One of the reasons for which cabbage is esteemed is its ascorbic acid (vitamin C) content. Nearly one-third of the day's allowance of vitamin C may be secured from only one cup of raw chopped cabbage.

 

Raw cabbage is used in a salad and is also used as a cooked vegetable. But its medicinal benefit can be acquired only when taken in juice-form.

The outer green leaves of the cabbage are excellent source of vitamin A. The inner white leaves are devoid of it. Hence the outer leaves should not be thrown away.

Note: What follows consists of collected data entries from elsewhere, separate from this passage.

(* Assume $\mathsf{X}=\mathsf{Y}$ is finite. For every $D\ge0$, $$\mathrm{cl}\,\mathcal{R}(D)\supseteq \mathcal{S}(D):=\Big\{(R,R_c)\in\mathbb{R}^2:\ \exists\,P_{X,Y,U}\in\mathcal{H}(D)\text{ with } R\ge I(X;U),\ R+R_c\ge I(X,Y;U)\Big\},$$ where $\mathcal{H}(D):=\{P_{X,Y,U}: P_X=\mu,\ P_Y=\psi,\ \mathbb{E}[\rho(X,Y)]\le D,\ X-U-Y,\ |\mathsf{U}|\le|\mathsf{X}||\mathsf{Y}|+1\}$.
   Context: $\mathsf{X}=\mathsf{Y}$ is a finite set with metric $d$, distortion $\rho(x,y)=d(x,y)^p$ for some $p>0$; $\mu,\psi$ are probability distributions on $\mathsf{X}$. For $R\ge0$ let $[2^{nR}]:=\{1,\dots,\lceil 2^{nR}\rceil\}$. The source $X^n$ is i.i.d. $\mu$; $K$ is uniform on $[2^{nR_c}]$, independent of $X^n$. An $(n,R,R_c)$ randomized source code consists of a stochastic encoder $E_{J|X^n,K}$ with values in $[2^{nR}]$ and a stochastic decoder $F_{Y^n|J,K}$ with values in $\mathsf{Y}^n$; the joint law of $(K,X^n,J,Y^n)$ is $F_{Y^n|J,K}E_{J|X^n,K}P_KP_{X^n}$. $\rho_n(x^n,y^n)=\frac1n\sum_i\rho(x_i,y_i)$. A pair $(R,R_c)$ is achievable at distortion $D$ if for every $\varepsilon>0$ and all large $n$ there is such a code with $\mathbb{E}[\rho_n(X^n,Y^n)]\le D+\varepsilon$ and $Y^n\sim\psi^n$ exactly; $\mathcal{R}(D)$ is the set of achievable pairs. *)

theory Defs
  imports "HOL-Probability.Probability"
begin

definition idx_set :: "nat \<Rightarrow> real \<Rightarrow> nat set" where
  "idx_set n R = {1 .. nat \<lceil>2 powr (real n * R)\<rceil>}"

fun iid_pmf :: "nat \<Rightarrow> 'a pmf \<Rightarrow> 'a list pmf" where
  "iid_pmf 0 p = return_pmf []"
| "iid_pmf (Suc n) p = bind_pmf p (\<lambda>x. map_pmf (\<lambda>xs. x # xs) (iid_pmf n p))"

definition rho_n :: "('a \<Rightarrow> 'a \<Rightarrow> real) \<Rightarrow> nat \<Rightarrow> 'a list \<Rightarrow> 'a list \<Rightarrow> real" where
  "rho_n \<rho> n xs ys = (1 / real n) * sum_list (map2 \<rho> xs ys)"

text \<open>Joint law of (K, X^n, J, Y^n) for a randomized code with encoder E (key, source seq)
  and decoder F (message, key).\<close>
definition code_law :: "nat \<Rightarrow> real \<Rightarrow> 'a pmf \<Rightarrow> (nat \<Rightarrow> 'a list \<Rightarrow> nat pmf)
    \<Rightarrow> (nat \<Rightarrow> nat \<Rightarrow> 'a list pmf) \<Rightarrow> (nat \<times> 'a list \<times> nat \<times> 'a list) pmf" where
  "code_law n Rc \<mu> E F =
     bind_pmf (pmf_of_set (idx_set n Rc)) (\<lambda>k.
     bind_pmf (iid_pmf n \<mu>) (\<lambda>x.
     bind_pmf (E k x) (\<lambda>j.
     bind_pmf (F j k) (\<lambda>y. return_pmf (k, x, j, y)))))"

definition is_code :: "nat \<Rightarrow> real \<Rightarrow> real \<Rightarrow> (nat \<Rightarrow> 'a list \<Rightarrow> nat pmf)
    \<Rightarrow> (nat \<Rightarrow> nat \<Rightarrow> 'a list pmf) \<Rightarrow> bool" where
  "is_code n R Rc E F \<longleftrightarrow>
     (\<forall>k \<in> idx_set n Rc. \<forall>x. length x = n \<longrightarrow> set_pmf (E k x) \<subseteq> idx_set n R) \<and>
     (\<forall>j k. set_pmf (F j k) \<subseteq> {ys. length ys = n})"

definition achievable :: "('a \<Rightarrow> 'a \<Rightarrow> real) \<Rightarrow> 'a pmf \<Rightarrow> 'a pmf \<Rightarrow> real \<Rightarrow> real \<Rightarrow> real \<Rightarrow> bool" where
  "achievable \<rho> \<mu> \<psi> D R Rc \<longleftrightarrow>
     (\<forall>\<epsilon>>0. \<exists>N. \<forall>n\<ge>N. \<exists>E F. is_code n R Rc E F \<and>
        measure_pmf.expectation (code_law n Rc \<mu> E F) (\<lambda>(k, x, j, y). rho_n \<rho> n x y) \<le> D + \<epsilon> \<and>
        map_pmf (\<lambda>(k, x, j, y). y) (code_law n Rc \<mu> E F) = iid_pmf n \<psi>)"

definition rate_region :: "('a \<Rightarrow> 'a \<Rightarrow> real) \<Rightarrow> 'a pmf \<Rightarrow> 'a pmf \<Rightarrow> real \<Rightarrow> (real \<times> real) set" where
  "rate_region \<rho> \<mu> \<psi> D = {(R, Rc). achievable \<rho> \<mu> \<psi> D R Rc}"

definition mi :: "'c pmf \<Rightarrow> ('c \<Rightarrow> 'd) \<Rightarrow> ('c \<Rightarrow> 'e) \<Rightarrow> real" where
  "mi P A B = prob_space.mutual_information (measure_pmf P) 2
      (count_space UNIV) (count_space UNIV) A B"

definition markov_XUY :: "('a \<times> 'b \<times> 'u) pmf \<Rightarrow> bool" where
  "markov_XUY P \<longleftrightarrow> (\<forall>x y u.
     pmf P (x, y, u) * pmf (map_pmf (\<lambda>(x, y, u). u) P) u =
     pmf (map_pmf (\<lambda>(x, y, u). (x, u)) P) (x, u) * pmf (map_pmf (\<lambda>(x, y, u). (y, u)) P) (y, u))"

text \<open>H(D): auxiliary alphabet U identified with {0,...,|X||Y|} (size |X||Y|+1).\<close>
definition H_set :: "('a::finite \<Rightarrow> 'a \<Rightarrow> real) \<Rightarrow> 'a pmf \<Rightarrow> 'a pmf \<Rightarrow> real \<Rightarrow> ('a \<times> 'a \<times> nat) pmf set" where
  "H_set \<rho> \<mu> \<psi> D = {P.
     map_pmf (\<lambda>(x, y, u). x) P = \<mu> \<and>
     map_pmf (\<lambda>(x, y, u). y) P = \<psi> \<and>
     measure_pmf.expectation P (\<lambda>(x, y, u). \<rho> x y) \<le> D \<and>
     markov_XUY P \<and>
     (\<forall>(x, y, u) \<in> set_pmf P. u < CARD('a) * CARD('a) + 1)}"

The percentage of iron is also higher in the outer green leaves.

CABBAGE - Nutrition Facts (Amount per 100g)
Calories 25
Total Fat 0 g
Cholesterol 0 mg
Sodium 18 mg
Total Carbohydrate 5 g
Dietary Fiber 2 g
Protein 1 g
Vitamin A 133 IU
Vitamin C 32 mg
Calcium 47 mg
Iron 1 mg

Cooking Cabbage

In cooking cabbage, every attempt should be made to keep the cooking time at a minimum. Excessive heat treatment of cabbage is destructive to its vitamin B and vitamin C contents. Under no circumstances should the water, in which the cabbage is boiled, be thrown away. It contains many nutrients such as vitamin C, calcium, iron, phosphorus and magnesium.

As cabbage furnishes sufficient assimilable iron, it is also very useful in the treatment of anaemia.

Cabbage is found very effective in conditions such as arthritis, neurasthenia, pyorrhoea, indigestion, anaemia, defective vision and obesity.